Do tell, how big a tire will fit on that thing? I'm assuming those are 26" wheels...


----------



## roadfix (Jun 20, 2006)

Yeah, I take mine off road often too.....mostly just fireroads.


----------



## bignose (Sep 15, 2005)

The official spec says 2.1, those tires are 2.0. Yup definatly a 26 inch.


----------



## ukiahb (Jan 26, 2003)

*Adventure Cycling...*

very nice! have been considering a LHT myself. FWIW have done three Adventure Cycling tours over the last 20+ years, the first two leaders were excellent but on my last tour in 2007 the leader was astoundingly lazy, arrogant and incompetent...won't bore you with the details, but things were bad enough that several riders bailed along the way including myself and I rode the last few hundred miles home alone. Also learned that this guy ran leadership training classes for AC which is really scary. Anyway, hopefully AC has improved since then but thought I'd relate my bad experience just in case...


----------



## PomPilot (May 17, 2006)

Bike arrived at the LBS today. In the morning, we will start fitting it. They still have some work to do, but they already know not to cut the steerer yet. And they haven't wrapped the bars since we don't have the brakes set where they are comfortable for me.

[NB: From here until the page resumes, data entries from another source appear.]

lemma det_kellipse_mat: "det (kellipse_mat k a b d) = prod_signed_sums k (\<lambda>i. sqrt ((a i)^2 + (b i)^2)) d"
proof (induction k arbitrary: d)
  case 0
  then show ?case
    by (simp add: det_single kellipse_mat_def prod_signed_sums_def)
next
  case (Suc k)
  let ?n = "2^k :: nat" and ?r = "sqrt ((a k)^2 + (b k)^2)"
  let ?X = "kellipse_mat k a b 0" and ?B = "(- b k) \<cdot>\<^sub>m 1\<^sub>m ?n"
  have M: "kellipse_mat k a b c \<in> carrier_mat ?n ?n" for c
    by (simp add: kellipse_mat_def)
  have comm: "?B * kellipse_mat k a b (d + a k) = kellipse_mat k a b (d + a k) * ?B"
    using mult_smult_assoc_mat[OF one_carrier_mat M] mult_smult_distrib[OF M one_carrier_mat]
    by (simp add: left_mult_one_mat[OF M] right_mult_one_mat[OF M])
  have "det (kellipse_mat (Suc k) a b d) = det (kellipse_mat k a b (d - a k) * kellipse_mat k a b (d + a k) - ?B * ?B)"
    unfolding kellipse_mat_Suc by (rule det_four_block_mat[OF M _ _ M comm]) auto
  also have "kellipse_mat k a b (d - a k) * kellipse_mat k a b (d + a k) - ?B * ?B
      = (?X + (d - ?r) \<cdot>\<^sub>m 1\<^sub>m ?n) * (?X + (d + ?r) \<cdot>\<^sub>m 1\<^sub>m ?n)"
    unfolding kellipse_mat_shift[of k a b "d - a k"] kellipse_mat_shift[of k a b "d + a k"]
    by (rule mult_shifted_mat_eq[OF M]) (simp_all add: algebra_simps power2_eq_square flip: real_sqrt_mult)
  also have "det \<dots> = det (kellipse_mat k a b (d - ?r)) * det (kellipse_mat k a b (d + ?r))"
    by (simp add: det_mult[OF M M] flip: kellipse_mat_shift)
  finally show ?case
    by (simp add: Suc.IH prod_signed_sums_Suc)
qed

lemma kellipse_poly_det_pencil:
  "\<exists>(A :: nat \<Rightarrow> nat \<Rightarrow> real) (B :: nat \<Rightarrow> nat \<Rightarrow> real)
      (C0 :: nat \<Rightarrow> nat \<Rightarrow> real) (U :: nat \<Rightarrow> nat \<Rightarrow> nat \<Rightarrow> real) (V :: nat \<Rightarrow> nat \<Rightarrow> nat \<Rightarrow> real).
      (\<forall>i < 2 ^ k. \<forall>j < 2 ^ k.
         A i j = A j i \<and> B i j = B j i \<and> C0 i j = C0 j i \<and>
         (\<forall>l < k. U l i j = U l j i \<and> V l i j = V l j i) \<and>
         A i j \<in> \<int> \<and> B i j \<in> \<int>) \<and>
      (\<forall>(u' :: nat \<Rightarrow> real) (v' :: nat \<Rightarrow> real) d x y.
         kellipse_poly k u' v' d x y =
         det (mat (2 ^ k) (2 ^ k) (\<lambda>(i, j).
            x * A i j + y * B i j +
            (d * C0 i j + (\<Sum>l<k. u' l * U l i j + v' l * V l i j)))))"
proof -
  define \<alpha> where "\<alpha> l = kellipse_entry k (\<lambda>m. of_bool (m = l)) (\<lambda>_. 0)" for l
  define \<beta> where "\<beta> l = kellipse_entry k (\<lambda>_. 0) (\<lambda>m. of_bool (m = l))" for l
  define A where "A i j = (\<Sum>l<k. \<alpha> l i j)" for i j
  define B where "B i j = (\<Sum>l<k. \<beta> l i j)" for i j
  define C0 where "C0 i j = (if i = j then 1 else 0 :: real)" for i j :: nat
  define U where "U l i j = - \<alpha> l i j" for l i j
  define V where "V l i j = - \<beta> l i j" for l i j
  have "A i j = A j i \<and> B i j = B j i \<and> C0 i j = C0 j i \<and>
        (\<forall>l < k. U l i j = U l j i \<and> V l i j = V l j i) \<and> A i j \<in> \<int> \<and> B i j \<in> \<int>" for i j
    unfolding A_def B_def C0_def U_def V_def \<alpha>_def \<beta>_def
    by (auto simp: kellipse_entry_sym[of k _ _ i j] intro!: Ints_sum kellipse_entry_Ints)
  moreover have "kellipse_poly k u' v' d x y =
         det (mat (2 ^ k) (2 ^ k) (\<lambda>(i, j). x * A i j + y * B i j +
            (d * C0 i j + (\<Sum>l<k. u' l * U l i j + v' l * V l i j))))" for u' v' d x y
  proof -
    have "kellipse_entry k (\<lambda>l. x - u' l) (\<lambda>l. y - v' l) i j
        = (\<Sum>l<k. x * \<alpha> l i j + y * \<beta> l i j - (u' l * \<alpha> l i j + v' l * \<beta> l i j))" for i j
      unfolding kellipse_entry_linear[of k "\<lambda>l. x - u' l"] \<alpha>_def \<beta>_def
      by (intro sum.cong) (simp_all add: algebra_simps)
    also have "\<dots> i j = x * A i j + y * B i j + (\<Sum>l<k. u' l * U l i j + v' l * V l i j)" for i j
      unfolding A_def B_def U_def V_def by (simp add: sum.distrib sum_subtractf sum_distrib_left sum_negf)
    finally have "mat (2 ^ k) (2 ^ k) (\<lambda>(i, j). x * A i j + y * B i j + (d * C0 i j + (\<Sum>l<k. u' l * U l i j + v' l * V l i j)))
        = kellipse_mat k (\<lambda>l. x - u' l) (\<lambda>l. y - v' l) d"
      unfolding kellipse_mat_def C0_def by (intro eq_matI) auto
    then show ?thesis
      by (simp add: det_kellipse_mat kellipse_poly_eq_prod_signed_sums)
  qed
  ultimately show ?thesis
    by blast
qed

section \<open>Polynomial functions of three variables\<close>

inductive polyfun3 :: "(real \<Rightarrow> real \<Rightarrow> real \<Rightarrow> real) \<Rightarrow> bool" where
  polyfun3_monom: "polyfun3 (\<lambda>d x y. c * x ^ a * y ^ b * d ^ e)"
| polyfun3_add: "polyfun3 f \<Longrightarrow> polyfun3 g \<Longrightarrow> polyfun3 (\<lambda>d x y. f d x y + g d x y)"

lemma polyfun3_const: "polyfun3 (\<lambda>d x y. c)"
  using polyfun3_monom[of c 0 0 0] by simp

lemma polyfun3_affine: "polyfun3 (\<lambda>d x y. x * \<alpha> + y * \<beta> + (d * \<gamma> + \<delta>))"
proof -
  have "polyfun3 (\<lambda>d x y. \<alpha> * x ^ 1 * y ^ 0 * d ^ 0 + \<beta> * x ^ 0 * y ^ 1 * d ^ 0
                      + (\<gamma> * x ^ 0 * y ^ 0 * d ^ 1 + \<delta> * x ^ 0 * y ^ 0 * d ^ 0))"
    by (intro polyfun3_add polyfun3_monom)
  then show ?thesis
    by (simp add: ac_simps)
qed

lemma polyfun3_monom_mult: "polyfun3 g \<Longrightarrow> polyfun3 (\<lambda>d x y. (c * x ^ a * y ^ b * d ^ e) * g d x y)"
proof (induction g rule: polyfun3.induct)
  case (polyfun3_monom c' a' b' e')
  have "(\<lambda>d x y. (c * x ^ a * y ^ b * d ^ e) * (c' * x ^ a' * y ^ b' * d ^ e'))
      = (\<lambda>d x y. (c * c') * x ^ (a + a') * y ^ (b + b') * d ^ (e + e'))"
    by (simp add: fun_eq_iff power_add algebra_simps)
  then show ?case
    by (simp only: polyfun3.polyfun3_monom)
next
  case (polyfun3_add f g)
  then show ?case
    using polyfun3.polyfun3_add[OF polyfun3_add.IH] by (simp add: distrib_left)
qed

lemma polyfun3_mult: "polyfun3 f \<Longrightarrow> polyfun3 g \<Longrightarrow> polyfun3 (\<lambda>d x y. f d x y * g d x y)"
proof (induction f rule: polyfun3.induct)
  case (polyfun3_monom c a b e)
  then show ?case
    by (rule polyfun3_monom_mult)
next
  case (polyfun3_add f1 f2)
  then show ?case
    using polyfun3.polyfun3_add[OF polyfun3_add.IH] by (simp add: distrib_right)
qed

lemma polyfun3_sum:
  "finite S \<Longrightarrow> (\<And>s. s \<in> S \<Longrightarrow> polyfun3 (f s)) \<Longrightarrow> polyfun3 (\<lambda>d x y. \<Sum>s\<in>S. f s d x y)"
  by (induction S rule: finite_induct) (auto intro: polyfun3_const polyfun3_add)

lemma polyfun3_prod:
  "finite S \<Longrightarrow> (\<And>s. s \<in> S \<Longrightarrow> polyfun3 (f s)) \<Longrightarrow> polyfun3 (\<lambda>d x y. \<Prod>s\<in>S. f s d x y)"
  by (induction S rule: finite_induct) (auto intro: polyfun3_const polyfun3_mult)

lemma polyfun3_det:
  assumes "\<And>i j. polyfun3 (E i j)"
  shows "polyfun3 (\<lambda>d x y. det (mat n n (\<lambda>(i, j). E i j d x y)))"
proof -
  have "det (mat n n (\<lambda>(i, j). E i j d x y))
      = (\<Sum>p\<in>{p. p permutes {0..<n}}. signof p * (\<Prod>i\<in>{0..<n}. E i (p i) d x y))" for d x y
    by (subst det_def'[of _ n]) (auto intro!: sum.cong prod.cong simp: permutes_in_image)
  then show ?thesis
    by (simp add: polyfun3_sum polyfun3_mult polyfun3_const polyfun3_prod assms finite_permutations)
qed

lemma polyfun3_kellipse_poly: "polyfun3 (kellipse_poly k u v)"
proof -
  obtain A B C0 U V where "\<forall>u' v' d x y. kellipse_poly k u' v' d x y =
      det (mat (2 ^ k) (2 ^ k) (\<lambda>(i, j). x * A i j + y * B i j +
                 (d * C0 i j + (\<Sum>l<k. u' l * U l i j + v' l * V l i j))))"
    using kellipse_poly_det_pencil[of k] by blast
  then have "kellipse_poly k u v = (\<lambda>d x y. det (mat (2 ^ k) (2 ^ k) (\<lambda>(i, j). x * A i j + y * B i j +
                 (d * C0 i j + (\<Sum>l<k. u l * U l i j + v l * V l i j)))))"
    by blast
  then show ?thesis
    by (simp add: polyfun3_det polyfun3_affine)
qed

definition poly3_eval :: "(nat \<Rightarrow> nat \<Rightarrow> nat \<Rightarrow> real) \<Rightarrow> nat \<Rightarrow> real \<Rightarrow> real \<Rightarrow> real \<Rightarrow> real" where
  "poly3_eval P N d x y = (\<Sum>a\<le>N. \<Sum>b\<le>N. \<Sum>c\<le>N. P a b c * x ^ a * y ^ b * d ^ c)"

lemma poly3_eval_enlarge:
  assumes supp: "\<forall>a b c. P a b c \<noteq> 0 \<longrightarrow> a \<le> M \<and> b \<le> M \<and> c \<le> M" and "M \<le> N"
  shows "poly3_eval P N d x y = poly3_eval P M d x y"
proof -
  have trunc: "(\<Sum>i\<le>N. g i) = (\<Sum>i\<le>M. g i)" if "\<And>i. M < i \<Longrightarrow> g i = 0" for g :: "nat \<Rightarrow> real"
    using \<open>M \<le> N\<close> that by (intro sum.mono_neutral_right) auto
  have zero: "P a b c = 0" if "M < a \<or> M < b \<or> M < c" for a b c
    using supp that by force
  have "(\<Sum>c\<le>N. P a b c * x ^ a * y ^ b * d ^ c) = (\<Sum>c\<le>M. P a b c * x ^ a * y ^ b * d ^ c)" for a b
    by (rule trunc) (simp add: zero)
  moreover have "(\<Sum>b\<le>N. \<Sum>c\<le>M. P a b c * x ^ a * y ^ b * d ^ c)
      = (\<Sum>b\<le>M. \<Sum>c\<le>M. P a b c * x ^ a * y ^ b * d ^ c)" for a
    by (rule trunc) (simp add: zero)
  moreover have "(\<Sum>a\<le>N. \<Sum>b\<le>M. \<Sum>c\<le>M. P a b c * x ^ a * y ^ b * d ^ c)
      = (\<Sum>a\<le>M. \<Sum>b\<le>M. \<Sum>c\<le>M. P a b c * x ^ a * y ^ b * d ^ c)"
    by (rule trunc) (simp add: zero)
  ultimately show ?thesis
    unfolding poly3_eval_def by simp
qed

lemma polyfun3_coeffs:
  "polyfun3 f \<Longrightarrow> \<exists>P N. (\<forall>a b c. P a b c \<noteq> 0 \<longrightarrow> a \<le> N \<and> b \<le> N \<and> c \<le> N) \<and>
                         (\<forall>d x y. f d x y = poly3_eval P N d x y)"
proof (induction f rule: polyfun3.induct)
  case (polyfun3_monom c a b e)
  let ?N = "max a (max b e)"
  let ?P = "\<lambda>a' b' e'. if e' = e then if b' = b then if a' = a then c else 0 else 0 else 0"
  have "poly3_eval ?P ?N d x y = c * x ^ a * y ^ b * d ^ e" for d x y
    unfolding poly3_eval_def by (simp add: if_distrib[of "\<lambda>z. z * _"] le_max_iff_disj cong: if_cong)
  then show ?case
    by (intro exI[of _ ?P] exI[of _ ?N]) auto
next
  case (polyfun3_add f g)
  from polyfun3_add.IH obtain P1 N1 P2 N2
    where P1: "\<forall>a b c. P1 a b c \<noteq> 0 \<longrightarrow> a \<le> N1 \<and> b \<le> N1 \<and> c \<le> N1"
      and f: "\<forall>d x y. f d x y = poly3_eval P1 N1 d x y"
      and P2: "\<forall>a b c. P2 a b c \<noteq> 0 \<longrightarrow> a \<le> N2 \<and> b \<le> N2 \<and> c \<le> N2"
      and g: "\<forall>d x y. g d x y = poly3_eval P2 N2 d x y"
    by blast
  let ?N = "max N1 N2" and ?P = "\<lambda>a b c. P1 a b c + P2 a b c"
  have "poly3_eval ?P ?N d x y = poly3_eval P1 ?N d x y + poly3_eval P2 ?N d x y" for d x y
    unfolding poly3_eval_def by (simp add: sum.distrib distrib_right)
  also have "\<dots> d x y = f d x y + g d x y" for d x y
    using poly3_eval_enlarge[OF P1, of ?N] poly3_eval_enlarge[OF P2, of ?N] f g by simp
  finally have eval: "\<forall>d x y. f d x y + g d x y = poly3_eval ?P ?N d x y"
    by simp
  have supp: "\<forall>a b c. ?P a b c \<noteq> 0 \<longrightarrow> a \<le> ?N \<and> b \<le> ?N \<and> c \<le> ?N"
  proof (intro allI impI)
    fix a b c
    assume "?P a b c \<noteq> 0"
    then have "P1 a b c \<noteq> 0 \<or> P2 a b c \<noteq> 0"
      by auto
    then show "a \<le> ?N \<and> b \<le> ?N \<and> c \<le> ?N"
      using P1 P2 by (auto simp: le_max_iff_disj)
  qed
  show ?case
    by (intro exI[of _ ?P] exI[of _ ?N] conjI supp eval)
qed

section \<open>Reading off the degree from the growth along rays\<close>

lemma tendsto_const_div_power_at_top: "0 < n \<Longrightarrow> ((\<lambda>t::real. c / t ^ n) \<longlongrightarrow> 0) at_top"
  by (rule tendsto_divide_0[OF tendsto_const])
     (rule filterlim_at_top_imp_at_infinity[OF filterlim_pow_at_top[OF _ filterlim_ident]])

What the heck, here's a snapshot of the bike.


----------



## rcnute (Dec 21, 2004)

PomPilot said:


> Bike arrived at the LBS today. In the morning, we will start fitting it. They still have some work to do, but they already know not to cut the steerer yet. And they haven't wrapped the bars since we don't have the brakes set where they are comfortable for me.
> 
> What the heck, here's a snapshot of the bike.


I just freeze every time you see through me
And it's all over you, electric blue.
On my knees, help me baby,
Tell me, what can I do, electric blue.


----------



## PomPilot (May 17, 2006)

I just noticed, these tires have reflective sidewalls. Sweet.


----------